(* For every positive integer $n$ there exist a present-bias parameter $b>1$ and an instance with $O(n)$ vertices such that the set of rewards $R$ placed at $t$ for which the sophisticated agent (with abandonment) reaches $t$ from the start node consists of exponentially many (in $n$) pairwise disjoint intervals.
   Context: An instance is a finite directed acyclic graph $G=(V,E)$ with nonnegative edge costs $c(u,v)$, a start node and a target node $t$, where $t$ is the unique node with no outgoing edges. Sophisticated agent with bias $b$ and reward $R$ at $t$, which may abandon: process nodes in reverse topological order; $t$ is never abandoned and $C_R(t)=0$. For $u\neq t$, among out-edges $(u,v)$ with $v$ not abandoned let $P(u,v)=b\,c(u,v)+C_R(v)$; if none exists or all have $P(u,v)>R$, $u$ is abandoned; otherwise the agent at $u$ moves to $v^*(u)\in\arg\min P(u,v)$ and $C_R(u)=c(u,v^*(u))+C_R(v^*(u))$. The agent reaches $t$ iff the start node is not abandoned. *)

theory Defs
  imports "HOL-Analysis.Analysis"
begin

definition is_instance ::
  "nat set \<Rightarrow> (nat \<times> nat) set \<Rightarrow> (nat \<Rightarrow> nat \<Rightarrow> real) \<Rightarrow> nat \<Rightarrow> nat \<Rightarrow> bool" where
  "is_instance V E c s t \<longleftrightarrow>
     finite V \<and> E \<subseteq> V \<times> V \<and> acyclic E \<and>
     (\<forall>u v. (u, v) \<in> E \<longrightarrow> 0 \<le> c u v) \<and>
     s \<in> V \<and> t \<in> V \<and>
     (\<forall>u\<in>V. (\<forall>v. (u, v) \<notin> E) \<longleftrightarrow> u = t)"

text \<open>Local consistency of the backward-induction process of the sophisticated
  agent with bias b and reward R: ab u means u is abandoned, C u is C_R(u).
  Ties in the argmin are broken towards the least vertex index.\<close>
definition soph_consistent ::
  "nat set \<Rightarrow> (nat \<times> nat) set \<Rightarrow> (nat \<Rightarrow> nat \<Rightarrow> real) \<Rightarrow> nat \<Rightarrow> real \<Rightarrow> real
     \<Rightarrow> (nat \<Rightarrow> bool) \<Rightarrow> (nat \<Rightarrow> real) \<Rightarrow> bool" where
  "soph_consistent V E c t b R ab C \<longleftrightarrow>
     \<not> ab t \<and> C t = 0 \<and>
     (\<forall>u\<in>V - {t}.
        let A = {v. (u, v) \<in> E \<and> \<not> ab v};
            P = (\<lambda>v. b * c u v + C v)
        in (ab u \<longleftrightarrow> (A = {} \<or> (\<forall>v\<in>A. P v > R))) \<and>
           (\<not> ab u \<longrightarrow>
              (let v' = (LEAST v. v \<in> A \<and> (\<forall>w\<in>A. P v \<le> P w))
               in C u = c u v' + C v')))"

text \<open>The sophisticated agent reaches t: the start node is not abandoned
  (the consistent outcome is unique on acyclic instances).\<close>
definition soph_reaches ::
  "nat set \<Rightarrow> (nat \<times> nat) set \<Rightarrow> (nat \<Rightarrow> nat \<Rightarrow> real) \<Rightarrow> nat \<Rightarrow> nat \<Rightarrow> real \<Rightarrow> real \<Rightarrow> bool" where
  "soph_reaches V E c s t b R \<longleftrightarrow>
     (\<exists>ab C. soph_consistent V E c t b R ab C \<and> \<not> ab s)"

end

theory Submission
  imports Defs
begin

text \<open>The instance is a ladder of gadgets. In gadget k the agent at node 2k+2 either pays
  direct_cost k and goes straight to node 2k, or moves for free to node 2k+1 and pays the larger
  delayed_cost k from there. As delayed_cost k < bias * direct_cost k, the agent procrastinates
  whenever its future self at 2k+1 will carry out the delayed step, i.e. whenever the remaining
  reward is at least bias * delayed_cost k. Backward induction thus collapses to the recursion
  cost_to_go / viable below, and the consistent outcome is unique on every instance.

  Fix the choices (direct or delayed) in the n gadgets nearest to t. The rewards realising a given
  choice pattern xs form a half-open interval, the tooth of xs, on which the cost still to be paid
  is choice_cost xs. Passing one more gadget needs R \<ge> choice_cost xs + bias * direct_cost n,
  which cuts a gap off the bottom of every tooth. Hence each of the 2^n teeth carries its own
  component of the set of rewards that reach t, while that set is a finite union of intervals.\<close>

definition live_succs :: "(nat \<times> nat) set \<Rightarrow> (nat \<Rightarrow> bool) \<Rightarrow> nat \<Rightarrow> nat set" where
  "live_succs E ab u = {v. (u, v) \<in> E \<and> \<not> ab v}"

definition soph_rule ::
  "(nat \<times> nat) set \<Rightarrow> (nat \<Rightarrow> nat \<Rightarrow> real) \<Rightarrow> real \<Rightarrow> real \<Rightarrow> (nat \<Rightarrow> bool) \<Rightarrow> (nat \<Rightarrow> real)
     \<Rightarrow> nat \<Rightarrow> bool" where
  "soph_rule E c b R ab C u \<longleftrightarrow>
     (let A = live_succs E ab u;
          P = (\<lambda>v. b * c u v + C v)
      in (ab u \<longleftrightarrow> (A = {} \<or> (\<forall>v\<in>A. P v > R))) \<and>
         (\<not> ab u \<longrightarrow>
            (let v' = (LEAST v. v \<in> A \<and> (\<forall>w\<in>A. P v \<le> P w))
             in C u = c u v' + C v')))"

lemma soph_consistent_iff_rule:
  "soph_consistent V E c t b R ab C \<longleftrightarrow>
     \<not> ab t \<and> C t = 0 \<and> (\<forall>u\<in>V - {t}. soph_rule E c b R ab C u)"
  unfolding soph_consistent_def soph_rule_def live_succs_def ..

lemma Least_minimizer_in:
  fixes P :: "'a::wellorder \<Rightarrow> 'b::linorder"
  assumes "finite A" "A \<noteq> {}"
  shows "(LEAST v. v \<in> A \<and> (\<forall>w\<in>A. P v \<le> P w)) \<in> A"
proof -
  have "\<exists>v. v \<in> A \<and> (\<forall>w\<in>A. P v \<le> P w)"
    using ex_is_arg_min_if_finite[OF assms, of P] by (auto simp: is_arg_min_linorder)
  then show ?thesis
    by (rule LeastI2_ex) blast
qed

lemma soph_rule_no_live_succs:
  assumes "live_succs E ab u = {}"
  shows "soph_rule E c b R ab C u \<longleftrightarrow> ab u"
  using assms by (auto simp: soph_rule_def)

lemma soph_rule_strict_best:
  assumes v: "v \<in> live_succs E ab u"
    and best: "\<And>w. w \<in> live_succs E ab u \<Longrightarrow> w \<noteq> v \<Longrightarrow> b * c u v + C v < b * c u w + C w"
  shows "soph_rule E c b R ab C u \<longleftrightarrow>
           (ab u \<longleftrightarrow> R < b * c u v + C v) \<and> (\<not> ab u \<longrightarrow> C u = c u v + C v)"
proof -
  define A where "A = live_succs E ab u"
  define P where "P w = b * c u w + C w" for w
  have min: "P v \<le> P w" if "w \<in> A" for w
    using best[of w] that unfolding A_def P_def by (cases "w = v") auto
  have "(LEAST w. w \<in> A \<and> (\<forall>w'\<in>A. P w \<le> P w')) = v"
  proof (rule Least_equality)
    show "v \<in> A \<and> (\<forall>w\<in>A. P v \<le> P w)"
      using v min unfolding A_def by blast
    fix y assume "y \<in> A \<and> (\<forall>w\<in>A. P y \<le> P w)"
    then have "y = v"
      using v best[of y] unfolding A_def P_def by force
    then show "v \<le> y" by simp
  qed
  moreover have "(A = {} \<or> (\<forall>w\<in>A. P w > R)) \<longleftrightarrow> R < P v"
    using v min unfolding A_def by force
  ultimately show ?thesis
    unfolding soph_rule_def Let_def A_def[symmetric] P_def[symmetric] by simp
qed
lemma finsupp_funpow_aF [simp]: "finsupp u \<Longrightarrow> finsupp ((aF F ^^ n) u)"
  by (rule tlinear_finsupp[OF tlinear_funpow[OF tlinear_aF]])

lemma contr_tmul_left:
  assumes "finsupp u"
  shows "contr f (tmul_left x u) = tsmul (f x) u - tmul_left x (contr f u)"
  using tlinear_eqI[OF _ _ _ assms, of "contr f \<circ> tmul_left x"
      "\<lambda>u. tsmul (f x) u - tmul_left x (contr f u)"]
  by (simp add: tlinear_comp tlinear_contr tlinear_tmul_left tlinear_minus tlinear_tsmul_fun
      tlinear_id[unfolded id_def] tlinear_comp[OF tlinear_tmul_left tlinear_contr, unfolded o_def])

lemma aF_tmul_left:
  assumes "finsupp u"
  shows "aF F (tmul_left x u) = tmul_left x (aF F u) + contr (F x) u"
  using tlinear_eqI[OF _ _ _ assms, of "aF F \<circ> tmul_left x"
      "\<lambda>u. tmul_left x (aF F u) + contr (F x) u"]
  by (simp add: tlinear_comp tlinear_aF tlinear_tmul_left tlinear_plus tlinear_contr aF_word_Cons
      tlinear_comp[OF tlinear_tmul_left tlinear_aF, unfolded o_def])

lemma contr_contr_word_anticommute: "contr f (contr_word g w) = - contr g (contr_word f w)"
proof (induction w)
  case (Cons x w)
  have fg: "contr f (contr_word g (x # w)) =
      tsmul (g x) (contr_word f w) - tsmul (f x) (contr_word g w)
      + tmul_left x (contr f (contr_word g w))"
   and gf: "contr g (contr_word f (x # w)) =
      tsmul (f x) (contr_word g w) - tsmul (g x) (contr_word f w)
      + tmul_left x (contr g (contr_word f w))"
    by (simp_all add: tlinear_diff[OF tlinear_contr] tlinear_tsmul[OF tlinear_contr]
        contr_tmul_left)
  show ?case
    unfolding fg gf Cons.IH by (simp add: algebra_simps)
qed simp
┄┄┄┄┄┄┄┄┄┄
▶ [Your instructions]:
Copy the entries above exactly, but only from the line holding "tlinear_id[unfolded id_def] tlinear_comp[OF" through the line holding "case (Cons x w)", both included.

▶ [Written solution]:
      tlinear_id[unfolded id_def] tlinear_comp[OF tlinear_tmul_left tlinear_contr, unfolded o_def])

lemma aF_tmul_left:
  assumes "finsupp u"
  shows "aF F (tmul_left x u) = tmul_left x (aF F u) + contr (F x) u"
  using tlinear_eqI[OF _ _ _ assms, of "aF F \<circ> tmul_left x"
      "\<lambda>u. tmul_left x (aF F u) + contr (F x) u"]
  by (simp add: tlinear_comp tlinear_aF tlinear_tmul_left tlinear_plus tlinear_contr aF_word_Cons
      tlinear_comp[OF tlinear_tmul_left tlinear_aF, unfolded o_def])

lemma contr_contr_word_anticommute: "contr f (contr_word g w) = - contr g (contr_word f w)"
proof (induction w)
  case (Cons x w)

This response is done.